4. Committee Rules: Honor Physics and Avoid Accidents
-Ambiguous figure: generates two or more plausible interpretations
-Necker cube: every image is ambiguous but perceptual committees comes up with final interpretation
-Accidental viewpoint: a viewing position that produces some regularity in the visual image that is not present in the world; eg. four surfaces with different shapes, arranged in different orientations, and at different distances seen as four square regions at a very precise location

5. Figure and Ground
-The ability to distinguish figures (object in the foreground) from ground (surfaces or objects lying behind the figures) is a process called figure-ground assignment
-Rubin Vase/Face figure: analogous to Necker cube; ambiguous
-Principles
a. Surroundedness: if one region is entirely surrounded by another, it is likely that the surrounded region is the figure
b. Size: the smaller region is likely the figure
c. Symmetry: a symmetrical region is more likely to be seen as figure.
d. Parallelism: regions with parallel contours are more likely to be seen as figure

6. Dealing with Occlusion
-In real world, objects are often partially hidden by other objects
-Edges can relate across gaps: relatability: the degree to which two line segments appear to be part of the same contour
-Two edges are relatable if they can be connected with a smooth curve but not if the connection requires an S curve
-Nonaccidental feature: a feature of an object that is not dependent on the exact viewing position of the observer

7. Parts and Wholes
-Global superiority effect: properties of the whole object take precedence over parts of the object
-One heuristic used by perceptual committees when dividing objects into parts is the pair of concavities created when one object is pushed into another

8. Interim Summary
-Five principles
a. Bring together that which should be brought together: Gestalt principles and occlusion
b. Split asunder that which should be split asunder: edge0finding processes that divide regions from each other; figure-ground mechanisms
c. Use what you know: two dimensional edge configurations are taken to indicate 3-d corners or occlusion borders, and objects are divided into parts on the basis of an implicit knowledge of the physics of image formation
d. Avoid accidents: avoid interpretations that require the assumptions of highly specific, accidental combinations of features or accidental viewpoints.
e. Seek consensus and avoid ambiguity: using the preceding four principles, the "committees" of middle vision must come up with one interpretation which serve as input for processes that will recognize objects

II) Object Recognition
1. Templates versus Structural Descriptions
-Naive template theory: visual system recognizes objects by matching the neural representation of the image with a stored representation of the same "shape" in the brain; have too many templates
-Structual description: objects that are the same share a basic structure; a specification of an object in terms of its parts and the relationship between the parts.
a. Key component: object parts are represented in the structural descriptions
b. Generalized cylinders; superquadratics (3D shapes); geons (geometric ions)
-Recognition by components model: Biederman's model of object recognition, which holds that objects are recognized by the identities and relationships of their component parts.
a. Geons and relationships can be recognized at any angle; they are viewpoint invariant

2. Problems with Structural Description Theories
-Object recognition is not totally viewpoint invariant
-Geons may not be the language of recognition
-Template-like representations called views: the more the object was rotated, the longer it took to name it
a. Suggests that people store a template-like representation of the object and recognize the objects in the surprise phase by mentally rotating the misoriented objects back to the upright views they have stored in memory.
-Objects have a viewpoint-dependent component but view-based models have their own problems

3. Multiple Recognition Committees
-Takes longer to recognize objects at the subordinate levels than at the entry level.
-When naming atypical member of a category, it is faster to name it at subordinate level
-The visual system is employing several different object recognition committees, each working with their own sets of tools, at the same time.

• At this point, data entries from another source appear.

lemma norm_radial_extension:
  assumes "\<And>u. norm u = 1 \<Longrightarrow> norm (F u) = 1"
  shows "norm (radial_extension F x) = norm x"
  using assms[of "x /\<^sub>R norm x"] unfolding radial_extension_def by auto

lemma radial_extension_close:
  assumes N: "compatible_seminorm N" and F: "\<And>u. norm u = 1 \<Longrightarrow> N (u, - F u) \<le> c"
  shows "N (x, - radial_extension F x) \<le> c * norm x"
proof (cases "x = 0")
  case True
  then show ?thesis using compatible_seminormD(4)[OF N, of 0] by (simp add: radial_extension_def)
next
  case False
  have "(x, - radial_extension F x) = norm x *\<^sub>R (x /\<^sub>R norm x, - F (x /\<^sub>R norm x))"
    using False by (simp add: radial_extension_def)
  then have "N (x, - radial_extension F x) = N (norm x *\<^sub>R (x /\<^sub>R norm x, - F (x /\<^sub>R norm x)))"
    by (simp only:)
  also have "\<dots> = norm x * N (x /\<^sub>R norm x, - F (x /\<^sub>R norm x))"
    by (rule trans[OF compatible_seminormD(3)[OF N]]) simp
  also have "\<dots> \<le> norm x * c" using F False by (intro mult_left_mono) auto
  finally show ?thesis by (simp add: mult.commute)
qed

lemma bij_radial_extension:
  assumes "bij_betw F (sphere 0 1) (sphere 0 1)"
  shows "bij (radial_extension F)"
proof -
  obtain G where G: "\<And>x. x \<in> sphere 0 1 \<Longrightarrow> G x \<in> sphere 0 1 \<and> F (G x) = x"
    and GF: "\<And>x. x \<in> sphere 0 1 \<Longrightarrow> F x \<in> sphere 0 1 \<and> G (F x) = x"
    using assms unfolding bij_betw_iff_bijections by metis
  have "radial_extension G (radial_extension F x) = x" for x
    using GF[of "x /\<^sub>R norm x"] by (auto simp: radial_extension_def)
  moreover have "radial_extension F (radial_extension G y) = y" for y
    using G[of "y /\<^sub>R norm y"] by (auto simp: radial_extension_def)
  ultimately show ?thesis by (metis bijI')
qed

lemma sum_list_norm_deviation:
  assumes N: "compatible_seminorm N" and close: "\<And>x. N (x, - \<Omega> x) \<le> C * norm x"
  shows "\<bar>norm (\<Sum>x\<leftarrow>xs. \<Omega> x) - norm (\<Sum>x\<leftarrow>xs. x)\<bar> \<le> C * (\<Sum>x\<leftarrow>xs. norm x)"
proof -
  have "(\<Sum>x\<leftarrow>xs. (x, - \<Omega> x)) = (\<Sum>x\<leftarrow>xs. x, - (\<Sum>x\<leftarrow>xs. \<Omega> x))"
    by (induction xs) (simp_all add: zero_prod_def)
  then have "N (\<Sum>x\<leftarrow>xs. x, - (\<Sum>x\<leftarrow>xs. \<Omega> x)) \<le> (\<Sum>x\<leftarrow>xs. N (x, - \<Omega> x))"
    using compatible_seminorm_sum_list[OF N, of "map (\<lambda>x. (x, - \<Omega> x)) xs"] by (simp add: comp_def)
  also have "\<dots> \<le> (\<Sum>x\<leftarrow>xs. C * norm x)" by (rule sum_list_mono) (rule close)
  also have "\<dots> = C * (\<Sum>x\<leftarrow>xs. norm x)" by (simp add: sum_list_const_mult)
  finally show ?thesis
    using compatible_seminorm_norm_diff[OF N, of "\<Sum>x\<leftarrow>xs. x" "\<Sum>x\<leftarrow>xs. \<Omega> x"] by simp
qed

section \<open>Spaces of dimension at most one\<close>

definition dim_le_one :: "'a::real_vector itself \<Rightarrow> bool" where
  "dim_le_one _ \<longleftrightarrow> (\<exists>e::'a. \<forall>w. \<exists>t. w = t *\<^sub>R e)"

lemma unit_vector_dim_le_one:
  fixes a b :: "'a::real_normed_vector"
  assumes "dim_le_one TYPE('a)" "norm a = 1" "norm b = 1"
  shows "b = a \<or> b = - a"
proof -
  obtain e :: 'a where e: "\<And>w. \<exists>t. w = t *\<^sub>R e"
    using assms(1) unfolding dim_le_one_def by blast
  obtain s t where "a = s *\<^sub>R e" "b = t *\<^sub>R e" using e by metis
  then have "b = (t / s) *\<^sub>R a" using assms(2) by auto
  moreover from this have "\<bar>t / s\<bar> = 1" using assms(2,3) by (metis mult.right_neutral norm_scaleR)
  then have "t / s = 1 \<or> t / s = -1" by linarith
  ultimately show ?thesis by auto
qed

lemma exists_unit_at_distance_one:
  fixes x0 :: "'a::real_normed_vector"
  assumes x0: "norm x0 = 1" and z: "\<And>t. z \<noteq> t *\<^sub>R x0"
  shows "\<exists>u. norm u = 1 \<and> norm (u - x0) = 1"
proof -
  \<comment> \<open>a path from x0 to - x0 that avoids 0 by leaving the line through x0\<close>
  define p where "p t = (1 - 2 * t) *\<^sub>R x0 + (t * (1 - t)) *\<^sub>R z" for t :: real
  have p_nonzero: "p t \<noteq> 0" if "t \<in> {0..1}" for t
  proof
    assume p0: "p t = 0"
    show False
    proof (cases "t * (1 - t) = 0")
      case True
      then have "t = 0 \<or> t = 1" by simp
      then show False using p0 x0 unfolding p_def by auto
    next
      case False
      have "(t * (1 - t)) *\<^sub>R z = - ((1 - 2 * t) *\<^sub>R x0)"
        using p0 unfolding p_def by (metis neg_eq_iff_add_eq_0)
      moreover have "z = (1 / (t * (1 - t))) *\<^sub>R ((t * (1 - t)) *\<^sub>R z)"
        using False by simp
      ultimately have "z = (- (1 / (t * (1 - t)) * (1 - 2 * t))) *\<^sub>R x0"
        by (simp only: scaleR_minus_right scaleR_scaleR scaleR_minus_left)
      then show False using z by blast
    qed
  qed
  define g where "g t = norm (p t /\<^sub>R norm (p t) - x0)" for t
  have "continuous_on {0..1} g"
    unfolding g_def p_def using p_nonzero[unfolded p_def] by (intro continuous_intros) auto
  moreover have "- x0 - x0 = (- 2) *\<^sub>R x0" by (simp add: scaleR_2)
  then have "g 0 = 0" "g 1 = 2"
    using x0 by (simp_all add: g_def p_def)
  ultimately obtain t where "t \<in> {0..1}" "g t = 1"
    using IVT'[of g 0 1 1] by auto
  then show ?thesis
    using p_nonzero unfolding g_def by (intro exI[of _ "p t /\<^sub>R norm (p t)"]) simp
qed

lemma unit_near_plus_minus_dim_le_one:
  fixes N :: "'a::real_normed_vector \<times> 'b::real_normed_vector \<Rightarrow> real" and x0 u :: 'a
  assumes N: "compatible_seminorm N" and close: "unit_spheres_close N c"
    and "dim_le_one TYPE('b)" and x0: "norm x0 = 1" and u: "norm u = 1"
  shows "norm (u - x0) \<le> 2 * c \<or> norm (u + x0) \<le> 2 * c"
proof -
  obtain F :: "'a \<Rightarrow> 'b" where F: "\<And>x. norm x = 1 \<Longrightarrow> norm (F x) = 1 \<and> N (x, - F x) \<le> c"
    by (rule unit_spheres_closeE[OF close]) blast
  have sum: "norm (u + s *\<^sub>R x0) \<le> 2 * c" if "F u = - s *\<^sub>R F x0" "\<bar>s\<bar> = 1" for s
  proof -
    have "norm (u + s *\<^sub>R x0) = N ((u, - F u) + s *\<^sub>R (x0, - F x0))"
      using that(1) compatible_seminormD(4)[OF N, of "u + s *\<^sub>R x0"] by simp
    also have "\<dots> \<le> N (u, - F u) + \<bar>s\<bar> * N (x0, - F x0)"
      using compatible_seminormD(2,3)[OF N] by metis
    also have "\<dots> \<le> 2 * c" using F[OF u] F[OF x0] that(2) by simp
    finally show ?thesis .
  qed
  from unit_vector_dim_le_one[OF assms(3)] F u x0 have "F u = F x0 \<or> F u = - F x0" by blast
  then show ?thesis using sum[of "-1"] sum[of 1] by auto
qed

lemma dim_le_one_transfer:
  fixes N :: "'a::real_normed_vector \<times> 'b::real_normed_vector \<Rightarrow> real"
  assumes N: "compatible_seminorm N" and close: "unit_spheres_close N c" and c: "c < 1/2"
    and "dim_le_one TYPE('b)"
  shows "dim_le_one TYPE('a)"
proof (cases "\<exists>x0::'a. norm x0 = 1")
  case False
  have trivial: "z = 0" for z :: 'a
  proof (rule ccontr)
    assume "z \<noteq> 0"
    then have "norm (sgn z) = 1" by (simp add: norm_sgn)
    then show False using False by blast
  qed
  show ?thesis unfolding dim_le_one_def by (metis trivial)
next
  case True
  then obtain x0 :: 'a where x0: "norm x0 = 1" by blast
  show ?thesis
  proof (rule ccontr)
    assume not_line: "\<not> dim_le_one TYPE('a)"
    obtain z :: 'a where "\<And>t. z \<noteq> t *\<^sub>R x0" using not_line unfolding dim_le_one_def by blast
    then obtain u where u: "norm u = 1" "norm (u - x0) = 1"
      using exists_unit_at_distance_one[OF x0] by blast
    have "norm (2 *\<^sub>R x0) \<le> norm (u + x0) + norm (u - x0)"
      using norm_triangle_ineq4[of "u + x0" "u - x0"] by (simp add: scaleR_2)
    then have "norm (u + x0) \<ge> 1" using x0 u by simp
    then show False
      using unit_near_plus_minus_dim_le_one[OF N close assms(4) x0 u(1)] u c by linarith
  qed
qed

lemma dim_le_one_sphere_bij:
  fixes N :: "'a::real_normed_vector \<times> 'b::real_normed_vector \<Rightarrow> real"
  assumes N: "compatible_seminorm N" and close: "unit_spheres_close N c"
    and "dim_le_one TYPE('a)" "dim_le_one TYPE('b)"
  shows "\<exists>\<beta>. bij_betw \<beta> (sphere (0::'a) 1) (sphere (0::'b) 1) \<and> (\<forall>x\<in>sphere 0 1. N (x, - \<beta> x) \<le> c)"
proof (cases "\<exists>x1::'a. norm x1 = 1")
  case False
  then have "sphere (0::'b) 1 = {}" "sphere (0::'a) 1 = {}"
    using close unfolding unit_spheres_close_def by auto
  then show ?thesis by (simp add: bij_betw_def)
next
  case True
  then obtain x1 :: 'a and y1 :: 'b where x1: "norm x1 = 1" and y1: "norm y1 = 1" "N (x1, - y1) \<le> c"
    using close unfolding unit_spheres_close_def by blast
  have SX: "sphere (0::'a) 1 = {x1, - x1}"
    using unit_vector_dim_le_one[OF assms(3) x1] x1 by force
  moreover have SY: "sphere (0::'b) 1 = {y1, - y1}"
    using unit_vector_dim_le_one[OF assms(4) y1(1)] y1 by force
  moreover have "x1 \<noteq> - x1" "y1 \<noteq> - y1" using x1 y1 by (auto simp: eq_neg_iff_add_eq_0 simp flip: scaleR_2)
  ultimately have "bij_betw (\<lambda>x. if x = x1 then y1 else - y1) (sphere 0 1) (sphere 0 1)"
    by (auto simp: bij_betw_def inj_on_def)
  moreover have "N (- x1, - (- y1)) \<le> c" using y1 compatible_seminorm_neg_swap[OF N, of x1 y1] by simp
  ultimately show ?thesis using SX y1 by (intro exI conjI) auto
qed

section \<open>Injecting sequences into a cap of the unit sphere\<close>

definition apart_from_line :: "'a::real_normed_vector \<Rightarrow> real \<Rightarrow> 'a \<Rightarrow> bool" where
  "apart_from_line e \<delta> v \<longleftrightarrow> (\<forall>t. \<delta> \<le> norm (v - t *\<^sub>R e))"

lemma apart_from_line_minus:
  assumes "apart_from_line e \<delta> v" shows "apart_from_line e \<delta> (- v)"
  unfolding apart_from_line_def
proof
  fix t
  have "- v - t *\<^sub>R e = - (v - (- t) *\<^sub>R e)" by simp
  then have "norm (- v - t *\<^sub>R e) = norm (v - (- t) *\<^sub>R e)" by (simp only: norm_minus_cancel)
  then show "\<delta> \<le> norm (- v - t *\<^sub>R e)" using assms unfolding apart_from_line_def by metis
qed

lemma apart_from_line_scaleR:
  assumes w: "apart_from_line e \<kappa> w" "0 \<le> \<kappa>" and q: "\<alpha> \<le> \<bar>q\<bar>"
  shows "apart_from_line e (\<alpha> * \<kappa>) (q *\<^sub>R w)"
  unfolding apart_from_line_def
proof
  fix t
  show "\<alpha> * \<kappa> \<le> norm (q *\<^sub>R w - t *\<^sub>R e)"
  proof (cases "q = 0")
    case True
    then have "\<alpha> * \<kappa> \<le> 0" using q w(2) by (simp add: mult_nonpos_nonneg)
    then show ?thesis by (meson norm_ge_zero order.trans)
  next
    case False
    then have "q *\<^sub>R w - t *\<^sub>R e = q *\<^sub>R (w - (t / q) *\<^sub>R e)" by (simp add: algebra_simps)
    then have "norm (q *\<^sub>R w - t *\<^sub>R e) = \<bar>q\<bar> * norm (w - (t / q) *\<^sub>R e)" by simp
    moreover have "\<alpha> * \<kappa> \<le> \<bar>q\<bar> * norm (w - (t / q) *\<^sub>R e)"
      using w q unfolding apart_from_line_def by (meson abs_ge_zero mult_mono order.trans mult_right_mono)
    ultimately show ?thesis by simp
  qed
qed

4. Faces: An Illustrative Special Case
-Prosopagnosia: an inability to recognize faces; can recognize its a face but can't tell who
-The two levels of face recognition are not completely different systems
-Double dissociation: truly separate brain modules; one function can be damaged without harm to the other

III) Objects int he Brain
-Cells in primary visual cortex (striate cortex) respond to edges or lines; they have small and precise receptive fields
0Some striate cortex cells are involved in middle-vision processes such as grouping and texture segmentation
0Other middle-vision tasks such as the completion of illusory contours are handled in extrastriate cortex which lie just outside the primary visual cortex.
a. From extrastriate cortex of the occipital lobe, visual inormation moves out along two main pathways.
b. One pathway heads up into the parietal lobe; process inofrmation relating to the location of objects in space and actions to interact with them; the where pathway
c. The second pathway leads to the temporal lobe; the what pathway; explicit acts of object recognition
-Agnosia: psychic blindness; failure to recognize objects typically due to brain damage
-Inferotemperal cortex (IT): part of cerebral cortex in the lower portion of temporal lobe, important in object recognition
a. Cells in IT cortex have receptive field that spread over half or more of the field of view.
b. Doesn't get excited by spots and lines but by objects
-Hierarchy of visual perception: small receptive fields and simple features of visual cortex were combined with ever-greater complexity as one moved from striate cortex to IT cortex, eventually culminating in a cell that fires; idea of grandmother cell

Summary
1. After early visual processes have extracted basic features from the visual input, it is the job of middle vision to organize these features into the regions, surfaces, and objects that can, in turn, serve as input to object recognition and scene understanding processes.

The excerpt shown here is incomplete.